Con el aval del Premio Internacional de Teatro Ricardo López Aranda recibido en 2003, se ha estrenado en Santander, de la mano de La Machina Teatro y con dirección de Etelvino Vázquez, la obra Tu Ternura Molotov, del dramaturgo venezolano Gustavo Ott. La pieza, a todas luces inscrita en ese pantanoso territorio de la tragicomedia, ya había sido representada en diversos escenarios de Hispanoamérica, pero finalmente ha visto la luz en nuestra ciudad, gracias a la colaboración del Ayuntamiento de Santander, en el escenario de la calle Bonifaz.
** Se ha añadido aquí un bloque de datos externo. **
(* Let $X$ be a non-empty compact ultrametric space with a finite similarity structure $\mathrm{Sim}_X$ such that there are only finitely many $\mathrm{Sim}_X$-equivalence classes of balls. Then for every $n\in\mathbb N$ the sub-level complex $K_{\le n}$ is locally finite.
   Context: A *ball* in $X$ is a closed metric ball of positive radius. A *finite similarity structure* $\mathrm{Sim}_X$ assigns to each ordered pair of balls $B_1,B_2$ a finite (possibly empty) set $\mathrm{Sim}_X(B_1,B_2)$ of surjective similarities $B_1\to B_2$, closed under identities, inverses, compositions, and restrictions to sub-balls. Balls $A,B$ are *$\mathrm{Sim}_X$-equivalent* if $\mathrm{Sim}_X(A,B)\neq\emptyset$. An embedding $h:B\to X$ ($B$ a ball) is *locally determined by* $\mathrm{Sim}_X$ if every $x\in B$ lies in a ball $B'\subseteq B$ with $h(B')$ a ball and $h|_{B'}\in\mathrm{Sim}_X(B',h(B'))$. Let $\mathcal S$ be the set of pairs $(f,B)$ with $B$ a ball and $f:B\to X$ an embedding locally determined by $\mathrm{Sim}_X$; $(f_1,B_1)\sim(f_2,B_2)$ iff $f_2h=f_1$ for some $h\in\mathrm{Sim}_X(B_1,B_2)$; $[f,B]$ is the class. A *vertex of height $k$* is a set $v=\{[f_1,B_1],\dots,[f_k,B_k]\}$ of $k$ classes with $f_1(B_1),\dots,f_k(B_k)$ pairwise disjoint and with union $X$. If $[f,B]\in v$ and $B$ has more than one point, the *simple expansion of $v$ at $[f,B]$* replaces $[f,B]$ by the classes $[f|_A,A]$, $A$ ranging over the maximal proper sub-balls of $B$; write $u\nearrow v$ if $v$ is a simple expansion of $u$. $v\le w$ means there is a chain $v=v_1\nearrow\cdots\nearrow v_n=w$ ($n\ge1$). The *similarity complex* $K$ has these vertices and $n$-simplices the chains $v_0<\dots<v_n$. $K_{\le n}$ is the full subcomplex of $K$ spanned by vertices of height $\le n$. *)

theory Defs
  imports "HOL-Analysis.Analysis" "HOL-Library.FuncSet"
begin

text \<open>The space X is a subset of a metric space type, with the induced metric.\<close>

definition ultrametric :: "'a::metric_space set \<Rightarrow> bool" where
  "ultrametric X \<longleftrightarrow>
     (\<forall>x\<in>X. \<forall>y\<in>X. \<forall>z\<in>X. dist x z \<le> max (dist x y) (dist y z))"

definition is_ball :: "'a::metric_space set \<Rightarrow> 'a set \<Rightarrow> bool" where
  "is_ball X B \<longleftrightarrow> (\<exists>x\<in>X. \<exists>r>0. B = {y\<in>X. dist x y \<le> r})"

definition similarity :: "'a::metric_space set \<Rightarrow> 'a set \<Rightarrow> ('a \<Rightarrow> 'a) \<Rightarrow> bool" where
  "similarity B1 B2 f \<longleftrightarrow> f \<in> extensional B1 \<and> f ` B1 = B2 \<and>
     (\<exists>l>0. \<forall>x\<in>B1. \<forall>y\<in>B1. dist (f x) (f y) = l * dist x y)"

definition finite_sim_structure ::
  "'a::metric_space set \<Rightarrow> ('a set \<Rightarrow> 'a set \<Rightarrow> ('a \<Rightarrow> 'a) set) \<Rightarrow> bool" where
  "finite_sim_structure X Sim \<longleftrightarrow>
     (\<forall>B1 B2. \<not> (is_ball X B1 \<and> is_ball X B2) \<longrightarrow> Sim B1 B2 = {}) \<and>
     (\<forall>B1 B2. finite (Sim B1 B2) \<and> (\<forall>f\<in>Sim B1 B2. similarity B1 B2 f)) \<and>
     (\<forall>B. is_ball X B \<longrightarrow> restrict id B \<in> Sim B B) \<and>
     (\<forall>B1 B2 f. f \<in> Sim B1 B2 \<longrightarrow> restrict (inv_into B1 f) B2 \<in> Sim B2 B1) \<and>
     (\<forall>B1 B2 B3 f g. f \<in> Sim B1 B2 \<longrightarrow> g \<in> Sim B2 B3 \<longrightarrow> compose B1 g f \<in> Sim B1 B3) \<and>
     (\<forall>B1 B2 f A. f \<in> Sim B1 B2 \<longrightarrow> is_ball X A \<longrightarrow> A \<subseteq> B1 \<longrightarrow>
         restrict f A \<in> Sim A (f ` A))"

definition sim_equiv_rel :: "'a::metric_space set \<Rightarrow> ('a set \<Rightarrow> 'a set \<Rightarrow> ('a \<Rightarrow> 'a) set) \<Rightarrow> ('a set \<times> 'a set) set" where
  "sim_equiv_rel X Sim = {(A, B). is_ball X A \<and> is_ball X B \<and> Sim A B \<noteq> {}}"

definition finitely_many_ball_classes ::
  "'a::metric_space set \<Rightarrow> ('a set \<Rightarrow> 'a set \<Rightarrow> ('a \<Rightarrow> 'a) set) \<Rightarrow> bool" where
  "finitely_many_ball_classes X Sim \<longleftrightarrow>
     finite ({B. is_ball X B} // sim_equiv_rel X Sim)"

definition embedding_into :: "'a::metric_space set \<Rightarrow> 'a set \<Rightarrow> ('a \<Rightarrow> 'a) \<Rightarrow> bool" where
  "embedding_into X B h \<longleftrightarrow> inj_on h B \<and> h ` B \<subseteq> X \<and> continuous_on B h \<and>
     continuous_on (h ` B) (inv_into B h)"

definition locally_determined ::
  "'a::metric_space set \<Rightarrow> ('a set \<Rightarrow> 'a set \<Rightarrow> ('a \<Rightarrow> 'a) set) \<Rightarrow> 'a set \<Rightarrow> ('a \<Rightarrow> 'a) \<Rightarrow> bool" where
  "locally_determined X Sim B h \<longleftrightarrow>
     (\<forall>x\<in>B. \<exists>B'. is_ball X B' \<and> B' \<subseteq> B \<and> x \<in> B' \<and> is_ball X (h ` B') \<and>
        restrict h B' \<in> Sim B' (h ` B'))"

definition pairsS ::
  "'a::metric_space set \<Rightarrow> ('a set \<Rightarrow> 'a set \<Rightarrow> ('a \<Rightarrow> 'a) set) \<Rightarrow> (('a \<Rightarrow> 'a) \<times> 'a set) set" where
  "pairsS X Sim = {(f, B). is_ball X B \<and> f \<in> extensional B \<and> embedding_into X B f \<and>
                      locally_determined X Sim B f}"

definition pair_rel ::
  "'a::metric_space set \<Rightarrow> ('a set \<Rightarrow> 'a set \<Rightarrow> ('a \<Rightarrow> 'a) set) \<Rightarrow>
   ((('a \<Rightarrow> 'a) \<times> 'a set) \<times> (('a \<Rightarrow> 'a) \<times> 'a set)) set" where
  "pair_rel X Sim = {((f1, B1), (f2, B2)). (f1, B1) \<in> pairsS X Sim \<and> (f2, B2) \<in> pairsS X Sim \<and>
       (\<exists>h\<in>Sim B1 B2. \<forall>x\<in>B1. f2 (h x) = f1 x)}"

definition pair_classes ::
  "'a::metric_space set \<Rightarrow> ('a set \<Rightarrow> 'a set \<Rightarrow> ('a \<Rightarrow> 'a) set) \<Rightarrow> (('a \<Rightarrow> 'a) \<times> 'a set) set set" where
  "pair_classes X Sim = pairsS X Sim // pair_rel X Sim"

text \<open>Image f(B) of a class [f,B] (independent of the representative).\<close>
definition class_image :: "(('a \<Rightarrow> 'a) \<times> 'a set) set \<Rightarrow> 'a set" where
  "class_image c = (\<Union>(f, B)\<in>c. f ` B)"

text \<open>Vertices; the height of a vertex v is card v.\<close>
definition is_vertex ::
  "'a::metric_space set \<Rightarrow> ('a set \<Rightarrow> 'a set \<Rightarrow> ('a \<Rightarrow> 'a) set) \<Rightarrow>
   (('a \<Rightarrow> 'a) \<times> 'a set) set set \<Rightarrow> bool" where
  "is_vertex X Sim v \<longleftrightarrow> finite v \<and> v \<subseteq> pair_classes X Sim \<and>
     (\<forall>c\<in>v. \<forall>d\<in>v. c \<noteq> d \<longrightarrow> class_image c \<inter> class_image d = {}) \<and>
     (\<Union>c\<in>v. class_image c) = X"

definition max_proper_subball :: "'a::metric_space set \<Rightarrow> 'a set \<Rightarrow> 'a set \<Rightarrow> bool" where
  "max_proper_subball X A B \<longleftrightarrow> is_ball X A \<and> A \<subset> B \<and>
     \<not> (\<exists>A'. is_ball X A' \<and> A \<subset> A' \<and> A' \<subset> B)"

definition simple_expansion ::
  "'a::metric_space set \<Rightarrow> ('a set \<Rightarrow> 'a set \<Rightarrow> ('a \<Rightarrow> 'a) set) \<Rightarrow>
   (('a \<Rightarrow> 'a) \<times> 'a set) set set \<Rightarrow> (('a \<Rightarrow> 'a) \<times> 'a set) set set \<Rightarrow> bool" where
  "simple_expansion X Sim u v \<longleftrightarrow> is_vertex X Sim u \<and> is_vertex X Sim v \<and>
     (\<exists>c\<in>u. \<exists>f B. (f, B) \<in> c \<and> (\<exists>x\<in>B. \<exists>y\<in>B. x \<noteq> y) \<and>
        v = (u - {c}) \<union> {pair_rel X Sim `` {(restrict f A, A)} | A. max_proper_subball X A B})"

text \<open>v \<le> w: chain of simple expansions of length n \<ge> 1 (n = 1 means v = w).\<close>
definition vertex_le ::
  "'a::metric_space set \<Rightarrow> ('a set \<Rightarrow> 'a set \<Rightarrow> ('a \<Rightarrow> 'a) set) \<Rightarrow>
   (('a \<Rightarrow> 'a) \<times> 'a set) set set \<Rightarrow> (('a \<Rightarrow> 'a) \<times> 'a set) set set \<Rightarrow> bool" where
  "vertex_le X Sim v w \<longleftrightarrow> is_vertex X Sim v \<and> (simple_expansion X Sim)\<^sup>*\<^sup>* v w"

text \<open>Simplices of K_{\<le>n}: finite nonempty chains (totally ordered sets w.r.t. \<le>)
  of vertices of height \<le> n; a chain v0 < ... < vm is identified with its set of vertices.\<close>
definition simplices_le ::
  "'a::metric_space set \<Rightarrow> ('a set \<Rightarrow> 'a set \<Rightarrow> ('a \<Rightarrow> 'a) set) \<Rightarrow> nat \<Rightarrow>
   (('a \<Rightarrow> 'a) \<times> 'a set) set set set set" where
  "simplices_le X Sim n = {\<sigma>. finite \<sigma> \<and> \<sigma> \<noteq> {} \<and>
     (\<forall>v\<in>\<sigma>. is_vertex X Sim v \<and> card v \<le> n) \<and>
     (\<forall>v\<in>\<sigma>. \<forall>w\<in>\<sigma>. vertex_le X Sim v w \<or> vertex_le X Sim w v)}"

definition K_le_locally_finite ::
  "'a::metric_space set \<Rightarrow> ('a set \<Rightarrow> 'a set \<Rightarrow> ('a \<Rightarrow> 'a) set) \<Rightarrow> nat \<Rightarrow> bool" where
  "K_le_locally_finite X Sim n \<longleftrightarrow>
     (\<forall>v. is_vertex X Sim v \<and> card v \<le> n \<longrightarrow> finite {\<sigma>\<in>simplices_le X Sim n. v \<in> \<sigma>})"

end

theory Submission
  imports Defs
begin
La obra, fascinante y difícil, lo es precisamente por su propio planteamiento: hacer que todo el desarrollo escénico y conceptual gire en torno a dos personas en un único espacio, en una suerte de duelo interpretativo casi a puerta cerrada –aunque propiamente no sea un “duelo” de protagonista versus protagonista, dado que ambos van contribuyendo sucesiva y alternativamente a la construcción de la acción y de los diferentes mensajes que se exponen–. Como excepción a este planteamiento se insertan tan sólo dos escenas en que ambos intérpretes se aíslan de su compañero respectivo, hablando en un aparte al público –¿o a ellos mismos?–, y así mismo una aparición fugaz de un tercer y enigmático personaje que es el supuesto detonante de la tragedia y al tiempo la encarnación de lo que está más allá del tiempo, de la moral y de lo real.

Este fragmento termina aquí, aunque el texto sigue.